Exercise goal:
Below is some data. Retype exactly the lines starting at the one with "define A where" and ending at the one with "unfolding A_def using".

Stored data entries:
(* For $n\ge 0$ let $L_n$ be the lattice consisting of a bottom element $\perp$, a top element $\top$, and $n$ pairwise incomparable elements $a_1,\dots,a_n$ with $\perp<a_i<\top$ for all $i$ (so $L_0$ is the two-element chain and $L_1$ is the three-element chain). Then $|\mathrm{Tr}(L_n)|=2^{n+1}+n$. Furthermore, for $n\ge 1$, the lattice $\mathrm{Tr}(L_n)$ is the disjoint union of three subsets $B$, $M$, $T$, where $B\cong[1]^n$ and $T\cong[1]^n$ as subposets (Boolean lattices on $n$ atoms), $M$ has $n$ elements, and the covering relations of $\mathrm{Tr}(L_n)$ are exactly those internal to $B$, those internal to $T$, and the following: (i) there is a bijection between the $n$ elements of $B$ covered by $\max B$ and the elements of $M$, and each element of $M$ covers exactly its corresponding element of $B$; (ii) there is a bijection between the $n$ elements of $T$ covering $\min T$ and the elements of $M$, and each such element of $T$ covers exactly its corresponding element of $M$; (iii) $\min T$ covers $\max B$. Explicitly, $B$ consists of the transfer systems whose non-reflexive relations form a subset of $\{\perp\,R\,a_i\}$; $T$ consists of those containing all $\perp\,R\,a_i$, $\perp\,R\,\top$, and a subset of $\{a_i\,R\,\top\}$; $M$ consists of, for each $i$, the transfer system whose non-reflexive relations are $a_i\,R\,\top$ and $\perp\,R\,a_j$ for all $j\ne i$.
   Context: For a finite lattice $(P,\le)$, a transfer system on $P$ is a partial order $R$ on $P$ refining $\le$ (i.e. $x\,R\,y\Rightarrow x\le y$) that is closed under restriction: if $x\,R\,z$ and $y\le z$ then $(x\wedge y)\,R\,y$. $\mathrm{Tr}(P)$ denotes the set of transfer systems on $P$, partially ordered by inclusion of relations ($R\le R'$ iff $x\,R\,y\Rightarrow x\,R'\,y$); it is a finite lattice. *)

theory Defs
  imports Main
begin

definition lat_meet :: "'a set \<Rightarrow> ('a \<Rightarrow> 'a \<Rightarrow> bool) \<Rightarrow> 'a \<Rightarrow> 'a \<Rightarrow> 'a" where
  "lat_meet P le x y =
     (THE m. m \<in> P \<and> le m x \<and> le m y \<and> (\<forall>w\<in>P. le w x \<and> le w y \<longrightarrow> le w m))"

* * *

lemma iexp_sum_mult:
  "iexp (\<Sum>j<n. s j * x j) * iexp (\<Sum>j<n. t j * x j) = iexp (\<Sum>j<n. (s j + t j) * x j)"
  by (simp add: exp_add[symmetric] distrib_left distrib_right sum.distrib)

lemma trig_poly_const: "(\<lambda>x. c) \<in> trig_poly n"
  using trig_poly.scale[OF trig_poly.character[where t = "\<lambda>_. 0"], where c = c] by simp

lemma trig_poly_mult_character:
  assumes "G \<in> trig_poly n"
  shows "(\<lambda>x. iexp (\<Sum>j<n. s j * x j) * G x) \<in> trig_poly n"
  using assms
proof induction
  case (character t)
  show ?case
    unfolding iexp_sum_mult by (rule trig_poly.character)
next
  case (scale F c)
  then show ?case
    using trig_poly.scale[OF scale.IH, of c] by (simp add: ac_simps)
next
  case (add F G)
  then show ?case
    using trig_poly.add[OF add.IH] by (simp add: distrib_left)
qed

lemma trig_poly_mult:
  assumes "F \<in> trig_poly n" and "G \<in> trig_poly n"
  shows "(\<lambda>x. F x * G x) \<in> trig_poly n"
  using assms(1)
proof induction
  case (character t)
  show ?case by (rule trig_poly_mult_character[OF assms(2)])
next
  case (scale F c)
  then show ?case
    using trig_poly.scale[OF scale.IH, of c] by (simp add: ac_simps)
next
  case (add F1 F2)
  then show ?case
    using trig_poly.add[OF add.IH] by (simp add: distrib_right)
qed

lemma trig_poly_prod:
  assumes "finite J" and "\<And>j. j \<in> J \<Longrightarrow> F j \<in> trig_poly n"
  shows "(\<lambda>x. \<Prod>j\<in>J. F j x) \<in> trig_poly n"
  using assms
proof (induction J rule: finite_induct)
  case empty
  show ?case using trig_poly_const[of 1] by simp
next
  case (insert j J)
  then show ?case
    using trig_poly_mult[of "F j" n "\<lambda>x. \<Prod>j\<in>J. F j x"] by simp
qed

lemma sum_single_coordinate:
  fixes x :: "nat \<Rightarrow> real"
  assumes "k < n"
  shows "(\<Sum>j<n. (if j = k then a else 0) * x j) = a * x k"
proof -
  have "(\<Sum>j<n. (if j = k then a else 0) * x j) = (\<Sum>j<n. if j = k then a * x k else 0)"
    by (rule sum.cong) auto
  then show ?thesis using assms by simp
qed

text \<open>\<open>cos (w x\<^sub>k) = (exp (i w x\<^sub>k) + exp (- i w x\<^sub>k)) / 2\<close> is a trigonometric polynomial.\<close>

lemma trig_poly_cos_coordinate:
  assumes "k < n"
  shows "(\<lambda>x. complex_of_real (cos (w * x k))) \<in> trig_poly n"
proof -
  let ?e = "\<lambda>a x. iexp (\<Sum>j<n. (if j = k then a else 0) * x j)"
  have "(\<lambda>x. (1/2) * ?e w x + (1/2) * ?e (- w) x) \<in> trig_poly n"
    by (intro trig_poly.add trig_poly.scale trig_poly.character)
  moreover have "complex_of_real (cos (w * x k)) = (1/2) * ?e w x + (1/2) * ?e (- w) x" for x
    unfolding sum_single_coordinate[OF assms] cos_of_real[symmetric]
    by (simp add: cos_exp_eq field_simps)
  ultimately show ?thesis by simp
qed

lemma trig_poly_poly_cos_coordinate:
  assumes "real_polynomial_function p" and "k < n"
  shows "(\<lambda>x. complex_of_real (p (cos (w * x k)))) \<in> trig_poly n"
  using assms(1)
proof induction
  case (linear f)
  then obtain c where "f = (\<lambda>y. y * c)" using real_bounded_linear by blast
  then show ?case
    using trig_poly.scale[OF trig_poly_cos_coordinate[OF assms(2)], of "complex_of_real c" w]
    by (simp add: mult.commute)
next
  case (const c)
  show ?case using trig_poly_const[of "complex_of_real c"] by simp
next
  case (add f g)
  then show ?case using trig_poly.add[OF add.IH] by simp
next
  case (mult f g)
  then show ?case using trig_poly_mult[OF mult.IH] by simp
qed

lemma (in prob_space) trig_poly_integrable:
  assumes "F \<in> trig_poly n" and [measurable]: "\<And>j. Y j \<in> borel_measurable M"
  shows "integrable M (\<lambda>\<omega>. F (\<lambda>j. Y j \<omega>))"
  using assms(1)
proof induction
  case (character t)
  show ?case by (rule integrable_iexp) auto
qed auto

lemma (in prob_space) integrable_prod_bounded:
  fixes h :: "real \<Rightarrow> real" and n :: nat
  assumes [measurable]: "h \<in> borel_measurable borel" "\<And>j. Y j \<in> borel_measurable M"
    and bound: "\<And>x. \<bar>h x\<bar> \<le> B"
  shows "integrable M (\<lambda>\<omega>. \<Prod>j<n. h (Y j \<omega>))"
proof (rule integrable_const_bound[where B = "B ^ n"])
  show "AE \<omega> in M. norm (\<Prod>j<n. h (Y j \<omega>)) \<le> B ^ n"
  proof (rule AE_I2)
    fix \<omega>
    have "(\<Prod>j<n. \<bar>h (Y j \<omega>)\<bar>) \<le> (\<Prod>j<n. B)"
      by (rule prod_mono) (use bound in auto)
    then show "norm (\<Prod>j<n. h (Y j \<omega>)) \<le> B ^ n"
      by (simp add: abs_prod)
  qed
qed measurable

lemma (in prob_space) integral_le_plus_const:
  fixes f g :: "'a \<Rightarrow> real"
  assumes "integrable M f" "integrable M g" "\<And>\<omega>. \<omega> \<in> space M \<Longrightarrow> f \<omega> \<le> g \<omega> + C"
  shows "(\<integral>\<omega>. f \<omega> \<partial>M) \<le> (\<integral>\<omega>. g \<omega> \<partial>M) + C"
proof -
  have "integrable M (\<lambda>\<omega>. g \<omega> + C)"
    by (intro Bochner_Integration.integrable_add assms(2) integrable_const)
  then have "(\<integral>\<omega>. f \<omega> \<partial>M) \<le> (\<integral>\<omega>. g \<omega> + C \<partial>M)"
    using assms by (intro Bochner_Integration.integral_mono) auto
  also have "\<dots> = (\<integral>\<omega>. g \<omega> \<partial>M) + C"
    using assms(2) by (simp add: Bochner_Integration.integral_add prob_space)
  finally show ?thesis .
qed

--

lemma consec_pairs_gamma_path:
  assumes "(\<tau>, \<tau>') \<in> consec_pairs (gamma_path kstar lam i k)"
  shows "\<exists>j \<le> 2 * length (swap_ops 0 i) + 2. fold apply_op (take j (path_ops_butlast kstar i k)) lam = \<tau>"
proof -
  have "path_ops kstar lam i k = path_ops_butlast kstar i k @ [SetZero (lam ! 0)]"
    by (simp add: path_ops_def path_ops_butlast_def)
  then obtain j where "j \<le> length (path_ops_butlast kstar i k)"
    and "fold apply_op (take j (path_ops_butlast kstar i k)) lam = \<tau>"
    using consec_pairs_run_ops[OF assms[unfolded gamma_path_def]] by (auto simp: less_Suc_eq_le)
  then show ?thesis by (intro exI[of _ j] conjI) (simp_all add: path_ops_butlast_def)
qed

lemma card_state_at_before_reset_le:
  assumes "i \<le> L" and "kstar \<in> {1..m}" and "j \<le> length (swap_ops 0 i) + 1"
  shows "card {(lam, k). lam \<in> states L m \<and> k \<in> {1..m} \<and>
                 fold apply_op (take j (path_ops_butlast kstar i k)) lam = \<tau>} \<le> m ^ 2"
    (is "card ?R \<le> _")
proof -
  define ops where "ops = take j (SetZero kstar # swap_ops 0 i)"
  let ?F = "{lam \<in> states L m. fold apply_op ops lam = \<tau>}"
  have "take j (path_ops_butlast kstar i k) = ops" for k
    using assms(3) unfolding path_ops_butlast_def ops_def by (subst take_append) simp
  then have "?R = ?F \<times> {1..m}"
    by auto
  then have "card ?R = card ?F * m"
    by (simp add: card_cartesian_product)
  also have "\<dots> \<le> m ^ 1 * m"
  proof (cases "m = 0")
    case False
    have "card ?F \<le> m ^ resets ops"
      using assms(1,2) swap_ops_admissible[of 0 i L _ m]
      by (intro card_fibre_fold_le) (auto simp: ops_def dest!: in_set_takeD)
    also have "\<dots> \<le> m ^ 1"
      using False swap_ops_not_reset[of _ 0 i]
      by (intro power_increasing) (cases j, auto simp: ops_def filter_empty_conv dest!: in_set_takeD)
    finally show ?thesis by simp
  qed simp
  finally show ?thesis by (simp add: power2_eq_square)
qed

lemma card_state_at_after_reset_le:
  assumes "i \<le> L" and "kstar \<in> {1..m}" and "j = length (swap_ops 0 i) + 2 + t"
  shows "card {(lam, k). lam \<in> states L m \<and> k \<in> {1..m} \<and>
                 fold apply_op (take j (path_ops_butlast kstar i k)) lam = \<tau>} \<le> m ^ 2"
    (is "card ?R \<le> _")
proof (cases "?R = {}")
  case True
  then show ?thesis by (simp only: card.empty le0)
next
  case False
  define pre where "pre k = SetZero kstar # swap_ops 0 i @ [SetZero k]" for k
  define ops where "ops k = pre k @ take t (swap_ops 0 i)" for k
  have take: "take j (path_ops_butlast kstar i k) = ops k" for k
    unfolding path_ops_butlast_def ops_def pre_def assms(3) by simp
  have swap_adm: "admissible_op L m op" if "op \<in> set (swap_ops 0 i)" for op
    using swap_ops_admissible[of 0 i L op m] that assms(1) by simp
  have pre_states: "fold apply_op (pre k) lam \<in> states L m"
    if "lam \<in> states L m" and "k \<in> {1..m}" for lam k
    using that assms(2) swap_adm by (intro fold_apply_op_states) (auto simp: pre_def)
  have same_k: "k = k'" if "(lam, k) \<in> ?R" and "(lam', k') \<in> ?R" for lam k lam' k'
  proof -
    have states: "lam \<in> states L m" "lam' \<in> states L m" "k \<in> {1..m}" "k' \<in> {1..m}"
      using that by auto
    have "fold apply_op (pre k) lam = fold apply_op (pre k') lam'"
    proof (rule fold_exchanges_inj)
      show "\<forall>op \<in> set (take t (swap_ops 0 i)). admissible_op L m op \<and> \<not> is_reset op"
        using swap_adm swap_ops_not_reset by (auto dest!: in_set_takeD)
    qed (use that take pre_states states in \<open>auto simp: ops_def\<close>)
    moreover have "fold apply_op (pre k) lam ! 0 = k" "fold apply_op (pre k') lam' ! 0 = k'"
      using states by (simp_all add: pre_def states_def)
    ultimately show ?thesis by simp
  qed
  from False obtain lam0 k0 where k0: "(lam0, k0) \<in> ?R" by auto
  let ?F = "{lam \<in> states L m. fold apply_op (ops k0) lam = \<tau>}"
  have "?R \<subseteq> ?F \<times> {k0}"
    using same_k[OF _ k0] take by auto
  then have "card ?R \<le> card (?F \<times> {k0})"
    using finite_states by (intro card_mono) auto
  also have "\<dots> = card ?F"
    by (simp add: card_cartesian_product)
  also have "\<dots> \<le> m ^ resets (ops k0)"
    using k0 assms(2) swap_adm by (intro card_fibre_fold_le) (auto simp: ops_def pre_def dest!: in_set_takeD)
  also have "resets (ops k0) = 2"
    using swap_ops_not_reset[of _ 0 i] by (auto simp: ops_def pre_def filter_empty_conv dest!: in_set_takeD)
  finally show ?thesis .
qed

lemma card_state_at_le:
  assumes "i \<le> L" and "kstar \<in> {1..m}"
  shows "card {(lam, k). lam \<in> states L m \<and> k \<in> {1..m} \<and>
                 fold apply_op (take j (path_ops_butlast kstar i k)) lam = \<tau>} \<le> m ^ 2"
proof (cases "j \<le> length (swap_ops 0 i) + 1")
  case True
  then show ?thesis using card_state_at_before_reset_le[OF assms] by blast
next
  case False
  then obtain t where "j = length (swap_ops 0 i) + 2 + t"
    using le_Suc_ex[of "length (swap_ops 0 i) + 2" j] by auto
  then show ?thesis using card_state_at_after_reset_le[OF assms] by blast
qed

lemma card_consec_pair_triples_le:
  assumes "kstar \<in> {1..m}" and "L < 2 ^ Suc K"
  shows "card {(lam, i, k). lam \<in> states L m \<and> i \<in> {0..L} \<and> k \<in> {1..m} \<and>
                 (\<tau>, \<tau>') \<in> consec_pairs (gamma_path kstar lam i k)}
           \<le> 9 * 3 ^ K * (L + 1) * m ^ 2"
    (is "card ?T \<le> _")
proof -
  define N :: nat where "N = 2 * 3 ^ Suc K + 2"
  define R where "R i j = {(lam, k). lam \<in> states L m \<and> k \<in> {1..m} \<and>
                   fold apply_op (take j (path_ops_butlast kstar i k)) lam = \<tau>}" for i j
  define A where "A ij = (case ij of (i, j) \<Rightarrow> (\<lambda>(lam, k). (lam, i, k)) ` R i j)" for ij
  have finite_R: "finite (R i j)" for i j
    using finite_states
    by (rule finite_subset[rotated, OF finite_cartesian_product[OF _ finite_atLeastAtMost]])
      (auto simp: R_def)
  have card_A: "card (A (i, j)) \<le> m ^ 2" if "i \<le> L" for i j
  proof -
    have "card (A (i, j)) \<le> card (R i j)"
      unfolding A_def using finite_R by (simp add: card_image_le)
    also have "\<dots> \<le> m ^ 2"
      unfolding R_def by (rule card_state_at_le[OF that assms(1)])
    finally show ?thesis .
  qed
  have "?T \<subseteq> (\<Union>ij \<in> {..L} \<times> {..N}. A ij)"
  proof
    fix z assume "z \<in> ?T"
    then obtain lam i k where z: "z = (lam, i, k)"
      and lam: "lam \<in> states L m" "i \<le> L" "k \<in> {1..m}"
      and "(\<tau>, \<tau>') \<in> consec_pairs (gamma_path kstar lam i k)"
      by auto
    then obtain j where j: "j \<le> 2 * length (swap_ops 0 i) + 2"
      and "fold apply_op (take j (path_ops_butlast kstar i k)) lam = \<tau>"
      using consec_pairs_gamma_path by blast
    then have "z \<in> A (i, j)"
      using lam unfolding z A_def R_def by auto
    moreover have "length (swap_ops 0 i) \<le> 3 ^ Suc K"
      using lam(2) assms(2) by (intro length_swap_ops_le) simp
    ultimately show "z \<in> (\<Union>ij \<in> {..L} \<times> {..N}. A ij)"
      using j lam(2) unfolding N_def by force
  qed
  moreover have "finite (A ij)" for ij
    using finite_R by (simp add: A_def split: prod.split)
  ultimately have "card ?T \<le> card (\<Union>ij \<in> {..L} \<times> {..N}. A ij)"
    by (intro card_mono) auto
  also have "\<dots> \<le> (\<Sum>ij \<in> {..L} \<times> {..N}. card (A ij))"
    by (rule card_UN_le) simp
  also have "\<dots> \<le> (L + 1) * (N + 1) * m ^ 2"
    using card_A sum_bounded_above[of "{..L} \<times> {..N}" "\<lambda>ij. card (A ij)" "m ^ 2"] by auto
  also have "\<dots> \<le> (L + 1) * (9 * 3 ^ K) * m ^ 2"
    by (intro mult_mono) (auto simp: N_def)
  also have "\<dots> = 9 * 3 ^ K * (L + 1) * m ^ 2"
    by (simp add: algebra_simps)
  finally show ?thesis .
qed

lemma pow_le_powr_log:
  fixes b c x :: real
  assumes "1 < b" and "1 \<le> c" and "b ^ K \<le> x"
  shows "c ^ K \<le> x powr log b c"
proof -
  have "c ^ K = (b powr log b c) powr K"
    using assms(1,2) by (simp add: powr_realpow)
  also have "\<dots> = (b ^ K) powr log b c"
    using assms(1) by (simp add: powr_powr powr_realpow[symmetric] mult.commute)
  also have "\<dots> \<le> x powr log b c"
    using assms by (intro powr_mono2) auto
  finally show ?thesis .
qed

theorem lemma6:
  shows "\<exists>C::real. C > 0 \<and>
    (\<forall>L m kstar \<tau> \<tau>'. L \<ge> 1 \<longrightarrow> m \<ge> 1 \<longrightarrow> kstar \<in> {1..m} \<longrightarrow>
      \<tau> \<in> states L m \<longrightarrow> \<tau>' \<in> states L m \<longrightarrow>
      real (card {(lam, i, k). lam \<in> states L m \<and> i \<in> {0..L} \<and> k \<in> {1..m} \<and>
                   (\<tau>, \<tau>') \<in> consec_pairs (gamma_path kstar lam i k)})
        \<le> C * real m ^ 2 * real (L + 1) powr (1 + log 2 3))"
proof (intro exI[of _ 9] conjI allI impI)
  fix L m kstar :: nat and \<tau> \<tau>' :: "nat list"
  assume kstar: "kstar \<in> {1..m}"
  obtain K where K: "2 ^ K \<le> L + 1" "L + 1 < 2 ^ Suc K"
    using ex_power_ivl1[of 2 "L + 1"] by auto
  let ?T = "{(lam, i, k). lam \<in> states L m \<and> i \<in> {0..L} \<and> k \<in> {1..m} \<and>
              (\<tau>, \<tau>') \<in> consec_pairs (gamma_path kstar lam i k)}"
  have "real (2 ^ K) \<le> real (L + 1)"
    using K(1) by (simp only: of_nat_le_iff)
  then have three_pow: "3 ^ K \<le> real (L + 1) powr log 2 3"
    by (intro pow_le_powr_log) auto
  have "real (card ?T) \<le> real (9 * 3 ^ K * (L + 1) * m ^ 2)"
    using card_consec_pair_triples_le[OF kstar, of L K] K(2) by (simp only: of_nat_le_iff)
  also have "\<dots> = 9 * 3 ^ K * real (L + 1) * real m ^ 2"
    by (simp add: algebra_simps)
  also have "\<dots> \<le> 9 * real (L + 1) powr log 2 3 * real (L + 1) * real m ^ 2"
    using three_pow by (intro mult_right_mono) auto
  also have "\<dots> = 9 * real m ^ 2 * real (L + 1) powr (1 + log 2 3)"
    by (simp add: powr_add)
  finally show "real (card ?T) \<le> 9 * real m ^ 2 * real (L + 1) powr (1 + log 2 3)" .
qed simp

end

Response to the exercise:
  define A where "A ij = (case ij of (i, j) \<Rightarrow> (\<lambda>(lam, k). (lam, i, k)) ` R i j)" for ij
  have finite_R: "finite (R i j)" for i j
    using finite_states
    by (rule finite_subset[rotated, OF finite_cartesian_product[OF _ finite_atLeastAtMost]])
      (auto simp: R_def)
  have card_A: "card (A (i, j)) \<le> m ^ 2" if "i \<le> L" for i j
  proof -
    have "card (A (i, j)) \<le> card (R i j)"
      unfolding A_def using finite_R by (simp add: card_image_le)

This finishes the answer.